- [Your goal]
Search the records below for the line containing "using vanish unfolding". Write out that line and every line after it exactly as written.
Start of Data for processing
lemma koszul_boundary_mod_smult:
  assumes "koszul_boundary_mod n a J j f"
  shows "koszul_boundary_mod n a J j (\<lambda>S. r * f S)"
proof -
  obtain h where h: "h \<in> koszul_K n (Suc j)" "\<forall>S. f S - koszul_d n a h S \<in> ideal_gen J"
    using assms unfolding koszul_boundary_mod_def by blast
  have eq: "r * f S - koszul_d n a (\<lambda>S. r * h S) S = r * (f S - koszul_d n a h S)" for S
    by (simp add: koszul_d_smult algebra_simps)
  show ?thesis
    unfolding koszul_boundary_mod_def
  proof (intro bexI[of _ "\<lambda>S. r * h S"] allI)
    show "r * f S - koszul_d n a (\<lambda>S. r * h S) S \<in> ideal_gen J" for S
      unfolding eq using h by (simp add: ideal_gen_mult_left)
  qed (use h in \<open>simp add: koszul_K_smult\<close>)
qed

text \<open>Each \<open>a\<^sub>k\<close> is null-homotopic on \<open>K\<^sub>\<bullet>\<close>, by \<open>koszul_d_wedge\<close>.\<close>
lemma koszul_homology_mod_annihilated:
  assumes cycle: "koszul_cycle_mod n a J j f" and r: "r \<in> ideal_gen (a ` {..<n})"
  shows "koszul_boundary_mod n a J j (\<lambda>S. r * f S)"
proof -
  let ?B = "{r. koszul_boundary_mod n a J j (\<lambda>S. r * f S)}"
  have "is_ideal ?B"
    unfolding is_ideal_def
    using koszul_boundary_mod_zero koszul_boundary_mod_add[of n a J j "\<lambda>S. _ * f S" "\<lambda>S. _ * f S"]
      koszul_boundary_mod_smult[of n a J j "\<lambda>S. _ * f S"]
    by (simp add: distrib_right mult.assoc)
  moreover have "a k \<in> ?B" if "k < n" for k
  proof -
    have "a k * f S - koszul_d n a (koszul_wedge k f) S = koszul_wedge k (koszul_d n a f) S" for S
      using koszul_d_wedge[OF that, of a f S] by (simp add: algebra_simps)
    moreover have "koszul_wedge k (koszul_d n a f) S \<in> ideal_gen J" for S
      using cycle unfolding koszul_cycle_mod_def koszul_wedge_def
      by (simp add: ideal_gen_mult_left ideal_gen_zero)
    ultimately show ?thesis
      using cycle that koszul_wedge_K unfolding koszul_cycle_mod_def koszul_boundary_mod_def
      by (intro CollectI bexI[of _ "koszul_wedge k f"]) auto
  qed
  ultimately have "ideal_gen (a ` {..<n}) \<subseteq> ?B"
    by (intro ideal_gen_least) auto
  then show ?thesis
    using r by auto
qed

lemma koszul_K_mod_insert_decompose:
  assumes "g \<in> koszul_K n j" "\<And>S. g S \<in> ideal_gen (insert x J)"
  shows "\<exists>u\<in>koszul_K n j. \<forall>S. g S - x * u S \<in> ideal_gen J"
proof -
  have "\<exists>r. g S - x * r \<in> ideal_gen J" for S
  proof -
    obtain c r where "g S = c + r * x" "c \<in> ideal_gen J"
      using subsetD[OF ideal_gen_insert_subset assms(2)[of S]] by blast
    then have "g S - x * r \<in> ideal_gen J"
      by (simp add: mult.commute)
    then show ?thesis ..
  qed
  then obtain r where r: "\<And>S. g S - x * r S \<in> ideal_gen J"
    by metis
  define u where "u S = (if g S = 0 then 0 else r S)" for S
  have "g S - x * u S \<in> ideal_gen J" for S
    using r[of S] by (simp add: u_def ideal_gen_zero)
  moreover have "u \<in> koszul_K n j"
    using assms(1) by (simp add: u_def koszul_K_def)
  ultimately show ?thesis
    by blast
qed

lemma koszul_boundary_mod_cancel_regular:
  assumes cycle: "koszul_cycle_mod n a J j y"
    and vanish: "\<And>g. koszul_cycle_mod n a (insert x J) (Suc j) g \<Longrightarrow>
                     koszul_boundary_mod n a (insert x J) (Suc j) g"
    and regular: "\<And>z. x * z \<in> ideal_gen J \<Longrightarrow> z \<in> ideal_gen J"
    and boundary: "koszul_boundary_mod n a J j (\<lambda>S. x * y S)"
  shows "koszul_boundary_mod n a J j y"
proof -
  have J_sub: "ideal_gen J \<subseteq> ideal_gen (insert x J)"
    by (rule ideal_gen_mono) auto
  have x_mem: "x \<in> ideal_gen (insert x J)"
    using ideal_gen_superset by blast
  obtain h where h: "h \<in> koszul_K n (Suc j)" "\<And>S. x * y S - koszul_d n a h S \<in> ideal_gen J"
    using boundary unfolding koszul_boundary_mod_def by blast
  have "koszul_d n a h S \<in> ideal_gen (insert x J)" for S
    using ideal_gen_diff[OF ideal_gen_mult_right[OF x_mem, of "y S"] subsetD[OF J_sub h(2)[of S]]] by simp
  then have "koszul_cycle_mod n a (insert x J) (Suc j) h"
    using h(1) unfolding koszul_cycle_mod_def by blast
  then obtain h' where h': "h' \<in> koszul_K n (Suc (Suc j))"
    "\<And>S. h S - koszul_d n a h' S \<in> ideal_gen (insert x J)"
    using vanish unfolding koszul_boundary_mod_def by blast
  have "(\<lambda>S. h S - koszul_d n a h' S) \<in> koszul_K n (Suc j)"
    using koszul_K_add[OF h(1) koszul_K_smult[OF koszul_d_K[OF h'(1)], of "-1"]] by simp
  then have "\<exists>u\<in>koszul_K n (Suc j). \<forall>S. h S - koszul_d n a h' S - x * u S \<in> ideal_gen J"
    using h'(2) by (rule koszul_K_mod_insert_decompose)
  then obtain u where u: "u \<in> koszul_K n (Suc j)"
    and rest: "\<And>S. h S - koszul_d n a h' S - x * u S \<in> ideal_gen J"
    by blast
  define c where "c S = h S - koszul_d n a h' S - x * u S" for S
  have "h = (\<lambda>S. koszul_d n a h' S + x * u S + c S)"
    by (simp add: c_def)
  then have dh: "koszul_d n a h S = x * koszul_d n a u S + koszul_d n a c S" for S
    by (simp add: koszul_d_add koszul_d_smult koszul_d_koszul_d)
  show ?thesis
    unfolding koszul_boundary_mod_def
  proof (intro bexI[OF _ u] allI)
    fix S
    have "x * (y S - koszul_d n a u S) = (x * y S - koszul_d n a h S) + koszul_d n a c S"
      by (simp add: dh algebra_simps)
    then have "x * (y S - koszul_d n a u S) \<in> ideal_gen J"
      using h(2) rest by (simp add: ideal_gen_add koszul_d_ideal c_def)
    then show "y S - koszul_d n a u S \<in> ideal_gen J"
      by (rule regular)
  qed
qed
End of Data for processing
- [Your response]
    using vanish unfolding koszul_boundary_mod_def by blast
  have "(\<lambda>S. h S - koszul_d n a h' S) \<in> koszul_K n (Suc j)"
    using koszul_K_add[OF h(1) koszul_K_smult[OF koszul_d_K[OF h'(1)], of "-1"]] by simp
  then have "\<exists>u\<in>koszul_K n (Suc j). \<forall>S. h S - koszul_d n a h' S - x * u S \<in> ideal_gen J"
    using h'(2) by (rule koszul_K_mod_insert_decompose)
  then obtain u where u: "u \<in> koszul_K n (Suc j)"
    and rest: "\<And>S. h S - koszul_d n a h' S - x * u S \<in> ideal_gen J"
    by blast
  define c where "c S = h S - koszul_d n a h' S - x * u S" for S
  have "h = (\<lambda>S. koszul_d n a h' S + x * u S + c S)"
    by (simp add: c_def)
  then have dh: "koszul_d n a h S = x * koszul_d n a u S + koszul_d n a c S" for S
    by (simp add: koszul_d_add koszul_d_smult koszul_d_koszul_d)
  show ?thesis
    unfolding koszul_boundary_mod_def
  proof (intro bexI[OF _ u] allI)
    fix S
    have "x * (y S - koszul_d n a u S) = (x * y S - koszul_d n a h S) + koszul_d n a c S"
      by (simp add: dh algebra_simps)
    then have "x * (y S - koszul_d n a u S) \<in> ideal_gen J"
      using h(2) rest by (simp add: ideal_gen_add koszul_d_ideal c_def)
    then show "y S - koszul_d n a u S \<in> ideal_gen J"
      by (rule regular)
  qed
qed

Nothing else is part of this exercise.